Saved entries
————
(* Let $\mathcal{A}$ be a finite set of players and $\mathcal{R}$ a finite set of resources; each player $i$ has a finite strategy set $\Gamma_i$, each $\gamma_i\in\Gamma_i$ determining a set $\gamma_i^{\mathrm{cg}}\subseteq\mathcal{R}$. For $\gamma\in\Gamma=\prod_i\Gamma_i$ let $l_r(\gamma)=\sum_i\mathbf{1}[r\in\gamma_i^{\mathrm{cg}}]$, and let each $J_r$ be a polynomial with non-negative coefficients of degree at most $d$. Player costs are $J_i(\gamma)=\sum_{r\in\gamma_i^{\mathrm{cg}}}J_r(l_r(\gamma))+J_i^{\mathrm{per}}(\gamma_i)$ with $J_i^{\mathrm{per}}\ge0$ depending only on $\gamma_i$. Let $C=\sum_iJ_i$, $\Gamma_{\mathrm{NE}}$ the set of pure Nash equilibria, $\Gamma^\star=\arg\min_\Gamma C$, $\mathrm{PoA}=\max_{\Gamma_{\mathrm{NE}}}C/\min_\Gamma C$, and $\alpha^\star\ge0$ the largest constant with $J_i^{\mathrm{per}}(\gamma_i)\ge\alpha^\star\sum_{r\in\gamma_i^{\mathrm{cg}}}J_r(l_r(\gamma))$ for all $i$ and all $\gamma\in\Gamma_{\mathrm{NE}}\cup\Gamma^\star$. Let $\mathcal{P}_d$ denote the set of polynomials of degree at most $d$ with non-negative coefficients. Then $\mathrm{PoA}$ is at most $$\min_{\tilde\lambda\in\mathbb{R},\ \tilde\mu\in(0,1+\alpha^\star)}\ \frac{\tilde\lambda+\alpha^\star}{1-\tilde\mu+\alpha^\star}\quad\text{s.t.}\quad y\,J(x+1)\le\tilde\lambda\,y\,J(y)+\tilde\mu\,x\,J(x)\ \ \forall x,y\in\mathbb{N}_0,\ J\in\mathcal{P}_d.$$
   Context: This is the congestion-game model of urban driving games (resources are space-time-proximity grid cells). A pure Nash equilibrium is a $\gamma$ with $J_i(\gamma)\le J_i(\gamma_i',\gamma_{-i})$ for all $i$ and $\gamma_i'\in\Gamma_i$. *)

theory Defs
  imports "HOL-Computational_Algebra.Polynomial" "HOL-Library.FuncSet"
begin

definition profiles :: "'p set \<Rightarrow> ('p \<Rightarrow> 's set) \<Rightarrow> ('p \<Rightarrow> 's) set" where
  "profiles A Gam = PiE A Gam"

definition load :: "'p set \<Rightarrow> ('p \<Rightarrow> 's \<Rightarrow> 'r set) \<Rightarrow> ('p \<Rightarrow> 's) \<Rightarrow> 'r \<Rightarrow> nat" where
  "load A cg g r = (\<Sum>i\<in>A. if r \<in> cg i (g i) then 1 else 0)"

definition cong_cost :: "'p set \<Rightarrow> ('p \<Rightarrow> 's \<Rightarrow> 'r set) \<Rightarrow> ('r \<Rightarrow> real poly)
    \<Rightarrow> ('p \<Rightarrow> 's) \<Rightarrow> 'p \<Rightarrow> real" where
  "cong_cost A cg Jr g i = (\<Sum>r\<in>cg i (g i). poly (Jr r) (real (load A cg g r)))"

definition player_cost :: "'p set \<Rightarrow> ('p \<Rightarrow> 's \<Rightarrow> 'r set) \<Rightarrow> ('r \<Rightarrow> real poly)
    \<Rightarrow> ('p \<Rightarrow> 's \<Rightarrow> real) \<Rightarrow> ('p \<Rightarrow> 's) \<Rightarrow> 'p \<Rightarrow> real" where
  "player_cost A cg Jr Jper g i = cong_cost A cg Jr g i + Jper i (g i)"

definition social_cost :: "'p set \<Rightarrow> ('p \<Rightarrow> 's \<Rightarrow> 'r set) \<Rightarrow> ('r \<Rightarrow> real poly)
    \<Rightarrow> ('p \<Rightarrow> 's \<Rightarrow> real) \<Rightarrow> ('p \<Rightarrow> 's) \<Rightarrow> real" where
  "social_cost A cg Jr Jper g = (\<Sum>i\<in>A. player_cost A cg Jr Jper g i)"

definition is_NE :: "'p set \<Rightarrow> ('p \<Rightarrow> 's set) \<Rightarrow> ('p \<Rightarrow> 's \<Rightarrow> 'r set) \<Rightarrow> ('r \<Rightarrow> real poly)
    \<Rightarrow> ('p \<Rightarrow> 's \<Rightarrow> real) \<Rightarrow> ('p \<Rightarrow> 's) \<Rightarrow> bool" where
  "is_NE A Gam cg Jr Jper g \<longleftrightarrow> g \<in> profiles A Gam \<and>
     (\<forall>i\<in>A. \<forall>s\<in>Gam i. player_cost A cg Jr Jper g i \<le> player_cost A cg Jr Jper (g(i := s)) i)"

definition NE_set :: "'p set \<Rightarrow> ('p \<Rightarrow> 's set) \<Rightarrow> ('p \<Rightarrow> 's \<Rightarrow> 'r set) \<Rightarrow> ('r \<Rightarrow> real poly)
    \<Rightarrow> ('p \<Rightarrow> 's \<Rightarrow> real) \<Rightarrow> ('p \<Rightarrow> 's) set" where
  "NE_set A Gam cg Jr Jper = {g. is_NE A Gam cg Jr Jper g}"

definition opt_set :: "'p set \<Rightarrow> ('p \<Rightarrow> 's set) \<Rightarrow> ('p \<Rightarrow> 's \<Rightarrow> 'r set) \<Rightarrow> ('r \<Rightarrow> real poly)
    \<Rightarrow> ('p \<Rightarrow> 's \<Rightarrow> real) \<Rightarrow> ('p \<Rightarrow> 's) set" where
  "opt_set A Gam cg Jr Jper = {g \<in> profiles A Gam.
     \<forall>h\<in>profiles A Gam. social_cost A cg Jr Jper g \<le> social_cost A cg Jr Jper h}"

definition PoA :: "'p set \<Rightarrow> ('p \<Rightarrow> 's set) \<Rightarrow> ('p \<Rightarrow> 's \<Rightarrow> 'r set) \<Rightarrow> ('r \<Rightarrow> real poly)
    \<Rightarrow> ('p \<Rightarrow> 's \<Rightarrow> real) \<Rightarrow> real" where
  "PoA A Gam cg Jr Jper =
     Max (social_cost A cg Jr Jper ` NE_set A Gam cg Jr Jper) /
     Min (social_cost A cg Jr Jper ` profiles A Gam)"

definition Pd :: "nat \<Rightarrow> real poly set" where
  "Pd d = {J. degree J \<le> d \<and> (\<forall>k. 0 \<le> coeff J k)}"

definition alpha_ok :: "'p set \<Rightarrow> ('p \<Rightarrow> 's set) \<Rightarrow> ('p \<Rightarrow> 's \<Rightarrow> 'r set) \<Rightarrow> ('r \<Rightarrow> real poly)
    \<Rightarrow> ('p \<Rightarrow> 's \<Rightarrow> real) \<Rightarrow> real \<Rightarrow> bool" where
  "alpha_ok A Gam cg Jr Jper a \<longleftrightarrow> 0 \<le> a \<and>
     (\<forall>g \<in> NE_set A Gam cg Jr Jper \<union> opt_set A Gam cg Jr Jper. \<forall>i\<in>A.
        Jper i (g i) \<ge> a * cong_cost A cg Jr g i)"

end

theory Submission imports Defs begin

text \<open>Rosenthal's potential changes by exactly the deviating player's cost change, so its
  minimiser is a pure Nash equilibrium. For an equilibrium \<open>g\<close> and an optimum \<open>h\<close>, add up
  the equilibrium inequalities of all players deviating to \<open>h i\<close>: a deviator finds at most
  \<open>l\<^sub>r(g) + 1\<close> users on each resource \<open>r\<close>, so by smoothness
  \<open>C(g) \<le> \<Sum>\<^sub>r l\<^sub>r(h) J\<^sub>r(l\<^sub>r(g) + 1) + P(h) \<le> \<lambda> K(h) + \<mu> K(g) + P(h)\<close>,
  where \<open>K\<close> and \<open>P\<close> are the total congestion and personal costs. Since \<open>P \<ge> \<alpha> K\<close> at \<open>g\<close>
  and \<open>h\<close>, this rearranges to \<open>(1 - \<mu> + \<alpha>) C(g) \<le> (\<lambda> + \<alpha>) C(h)\<close>.\<close>

lemma profiles_memD: "g \<in> profiles A Gam \<Longrightarrow> i \<in> A \<Longrightarrow> g i \<in> Gam i"
  unfolding profiles_def by auto

lemma profiles_fun_upd:
  "g \<in> profiles A Gam \<Longrightarrow> i \<in> A \<Longrightarrow> s \<in> Gam i \<Longrightarrow> g(i := s) \<in> profiles A Gam"
  unfolding profiles_def using PiE_fun_upd[of s Gam i g A] by (simp add: insert_absorb)

lemma finite_profiles:
  "finite A \<Longrightarrow> (\<And>i. i \<in> A \<Longrightarrow> finite (Gam i)) \<Longrightarrow> finite (profiles A Gam)"
  unfolding profiles_def by (simp add: finite_PiE)

lemma profiles_nonempty: "(\<And>i. i \<in> A \<Longrightarrow> Gam i \<noteq> {}) \<Longrightarrow> profiles A Gam \<noteq> {}"
  unfolding profiles_def by (simp add: PiE_eq_empty_iff)

lemma load_remove:
  "finite A \<Longrightarrow> i \<in> A \<Longrightarrow>
    load A cg g r = load (A - {i}) cg g r + (if r \<in> cg i (g i) then 1 else 0)"
  unfolding load_def by (simp add: sum.remove add.commute)

lemma load_fun_upd_other: "i \<notin> B \<Longrightarrow> load B cg (g(i := s)) r = load B cg g r"
  unfolding load_def by (rule sum.cong) auto

lemma load_fun_upd_le:
  assumes "finite A" "i \<in> A"
  shows "load A cg (g(i := s)) r \<le> load A cg g r + 1"
  using load_remove[OF assms, of cg "g(i := s)" r] load_remove[OF assms, of cg g r]
    load_fun_upd_other[of i "A - {i}" cg g s r]
  by simp

lemma poly_Pd_nonneg: "J \<in> Pd d \<Longrightarrow> 0 \<le> x \<Longrightarrow> 0 \<le> poly J (x::real)"
  unfolding Pd_def poly_altdef by (auto intro!: sum_nonneg)

lemma poly_Pd_mono: "J \<in> Pd d \<Longrightarrow> 0 \<le> x \<Longrightarrow> x \<le> y \<Longrightarrow> poly J (x::real) \<le> poly J y"
  unfolding Pd_def poly_altdef by (auto intro!: sum_mono mult_left_mono power_mono)

lemma one_in_Pd: "[:1:] \<in> Pd d"
  unfolding Pd_def by (simp add: coeff_pCons split: nat.splits)

lemma sum_resources_eq_sum_load:
  assumes "finite R" "(\<Union>i\<in>A. cg i (h i)) \<subseteq> R"
  shows "(\<Sum>i\<in>A. \<Sum>r\<in>cg i (h i). f r) = (\<Sum>r\<in>R. real (load A cg h r) * (f r :: real))"
proof -
  have "(\<Sum>r\<in>cg i (h i). f r) = (\<Sum>r\<in>R. if r \<in> cg i (h i) then f r else 0)" if "i \<in> A" for i
  proof -
    have "cg i (h i) \<subseteq> R" using assms(2) that by blast
    then show ?thesis
      using assms(1) by (simp add: sum.inter_restrict[symmetric] Int_absorb1 inf.absorb_iff2)
  qed
  then have "(\<Sum>i\<in>A. \<Sum>r\<in>cg i (h i). f r) = (\<Sum>i\<in>A. \<Sum>r\<in>R. if r \<in> cg i (h i) then f r else 0)"
    by (rule sum.cong[OF refl])
  also have "\<dots> = (\<Sum>r\<in>R. \<Sum>i\<in>A. if r \<in> cg i (h i) then f r else 0)"
    by (rule sum.swap)
  also have "\<dots> = (\<Sum>r\<in>R. real (load A cg h r) * f r)"
    unfolding load_def by (auto simp: sum_distrib_right intro!: sum.cong)
  finally show ?thesis .
qed

definition total_cong_cost :: "'p set \<Rightarrow> ('p \<Rightarrow> 's \<Rightarrow> 'r set) \<Rightarrow> ('r \<Rightarrow> real poly)
    \<Rightarrow> ('p \<Rightarrow> 's) \<Rightarrow> real" where
  "total_cong_cost A cg Jr g = (\<Sum>i\<in>A. cong_cost A cg Jr g i)"

definition total_per_cost :: "'p set \<Rightarrow> ('p \<Rightarrow> 's \<Rightarrow> real) \<Rightarrow> ('p \<Rightarrow> 's) \<Rightarrow> real" where
  "total_per_cost A Jper g = (\<Sum>i\<in>A. Jper i (g i))"

lemma social_cost_eq:
  "social_cost A cg Jr Jper g = total_cong_cost A cg Jr g + total_per_cost A Jper g"
  unfolding social_cost_def player_cost_def total_cong_cost_def total_per_cost_def
  by (simp add: sum.distrib)

lemma total_cong_cost_eq_sum_load:
  assumes "finite R" "(\<Union>i\<in>A. cg i (g i)) \<subseteq> R"
  shows "total_cong_cost A cg Jr g =
    (\<Sum>r\<in>R. real (load A cg g r) * poly (Jr r) (real (load A cg g r)))"
  unfolding total_cong_cost_def cong_cost_def
  using sum_resources_eq_sum_load[where cg=cg and h=g, OF assms] .

lemma total_cong_cost_nonneg:
  assumes "finite R" "(\<Union>i\<in>A. cg i (g i)) \<subseteq> R" "\<And>r. r \<in> R \<Longrightarrow> Jr r \<in> Pd d"
  shows "0 \<le> total_cong_cost A cg Jr g"
proof -
  have "0 \<le> (\<Sum>r\<in>R. real (load A cg g r) * poly (Jr r) (real (load A cg g r)))"
    using assms(3) by (auto intro!: sum_nonneg mult_nonneg_nonneg poly_Pd_nonneg)
  then show ?thesis
    using total_cong_cost_eq_sum_load[where cg=cg and g=g, OF assms(1,2)] by simp
qed

definition rosenthal_potential :: "'p set \<Rightarrow> 'r set \<Rightarrow> ('p \<Rightarrow> 's \<Rightarrow> 'r set)
    \<Rightarrow> ('r \<Rightarrow> real poly) \<Rightarrow> ('p \<Rightarrow> 's \<Rightarrow> real) \<Rightarrow> ('p \<Rightarrow> 's) \<Rightarrow> real" where
  "rosenthal_potential A R cg Jr Jper g =
     (\<Sum>r\<in>R. \<Sum>k<load A cg g r. poly (Jr r) (real k + 1)) + total_per_cost A Jper g"

lemma rosenthal_potential_remove:
  assumes "finite A" "finite R" "i \<in> A" "cg i (g i) \<subseteq> R"
  shows "rosenthal_potential A R cg Jr Jper g =
    (\<Sum>r\<in>R. \<Sum>k<load (A - {i}) cg g r. poly (Jr r) (real k + 1))
    + total_per_cost (A - {i}) Jper g + player_cost A cg Jr Jper g i"
proof -
  have load_sum_remove: "(\<Sum>k<load A cg g r. poly (Jr r) (real k + 1)) =
      (\<Sum>k<load (A - {i}) cg g r. poly (Jr r) (real k + 1))
      + (if r \<in> cg i (g i) then poly (Jr r) (real (load A cg g r)) else 0)" for r
    using load_remove[OF assms(1,3), of cg g r] by (auto simp: add.commute)
  have "(\<Sum>r\<in>R. if r \<in> cg i (g i) then poly (Jr r) (real (load A cg g r)) else 0) =
      cong_cost A cg Jr g i"
    unfolding cong_cost_def using assms(2,4) by (simp add: sum.inter_restrict[symmetric] Int_absorb1)
  moreover have "total_per_cost A Jper g = Jper i (g i) + total_per_cost (A - {i}) Jper g"
    unfolding total_per_cost_def using assms(1,3) by (simp add: sum.remove)
  ultimately show ?thesis
    unfolding rosenthal_potential_def player_cost_def by (simp add: load_sum_remove sum.distrib)
qed

lemma rosenthal_potential_fun_upd:
  assumes "finite A" "finite R" "i \<in> A" "cg i (g i) \<subseteq> R" "cg i s \<subseteq> R"
  shows "rosenthal_potential A R cg Jr Jper (g(i := s)) - rosenthal_potential A R cg Jr Jper g =
    player_cost A cg Jr Jper (g(i := s)) i - player_cost A cg Jr Jper g i"
proof -
  have "total_per_cost (A - {i}) Jper (g(i := s)) = total_per_cost (A - {i}) Jper g"
    unfolding total_per_cost_def by (rule sum.cong) auto
  then show ?thesis
    using rosenthal_potential_remove[OF assms(1-3), where g=g]
      rosenthal_potential_remove[OF assms(1-3), where g="g(i := s)"] assms(4,5)
    by (simp add: load_fun_upd_other)
qed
————
__Work order__: Set down the lines from the one with "using rosenthal_potential_remove[OF assms(1-3), where" through the end of the data above. Keep each exactly as written and add no other line.

__Exercise answer__:
    using rosenthal_potential_remove[OF assms(1-3), where g=g]
      rosenthal_potential_remove[OF assms(1-3), where g="g(i := s)"] assms(4,5)
    by (simp add: load_fun_upd_other)
qed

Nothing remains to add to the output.